Task item: Find every line in the entries that holds the string "lambda" and report it.

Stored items
■ ■ ■

lemma range_eq_image_gram_range:
  assumes S: "l2_op S" and S': "l2_op S'" and adj: "adjoint_pair S S'"
    and fin: "cdim ((\<lambda>f. S' (S f)) ` l2) \<noteq> \<infinity>"
  shows "S ` l2 = S ` ((\<lambda>f. S' (S f)) ` l2)"
proof -
  let ?G = "\<lambda>f. S' (S f)"
  have G: "l2_op ?G" using l2_op_comp[OF S' S] .
  have Gsa: "adjoint_pair ?G ?G" by (rule adjoint_pair_comp[OF adjoint_pair_sym[OF adj] adj S S])
  show ?thesis
  proof
    show "S ` ?G ` l2 \<subseteq> S ` l2" using range_subset_l2[OF G] by auto
    show "S ` l2 \<subseteq> S ` ?G ` l2"
    proof
      fix y assume "y \<in> S ` l2"
      then obtain x where x: "x \<in> l2" "y = S x" by auto
      obtain n where n: "n \<in> ?G ` l2" "?G n = ?G x" using selfadjoint_finite_rank_range[OF G Gsa fin x(1)] by auto
      have nl2: "n \<in> l2" using n range_subset_l2[OF G] by auto
      have d: "x - n \<in> l2" using x nl2 by auto
      have "?G (x - n) = 0" using l2_op_apply_diff[OF G x(1) nl2] n by simp
      hence "cinner (S (x - n)) (S (x - n)) = 0"
        using adj d l2_op_closed[OF S d] unfolding adjoint_pair_def by (metis cinner_zero_right)
      hence "S (x - n) = 0" using l2_op_closed[OF S d] by (intro cinner_self_zero) auto
      hence "S x = S n" using l2_op_apply_diff[OF S x(1) nl2] by simp
      thus "y \<in> S ` ?G ` l2" using x n by auto
    qed
  qed
qed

■ ■ ■

Reply to the exercise:
    and fin: "cdim ((\<lambda>f. S' (S f)) ` l2) \<noteq> \<infinity>"
  shows "S ` l2 = S ` ((\<lambda>f. S' (S f)) ` l2)"
  let ?G = "\<lambda>f. S' (S f)"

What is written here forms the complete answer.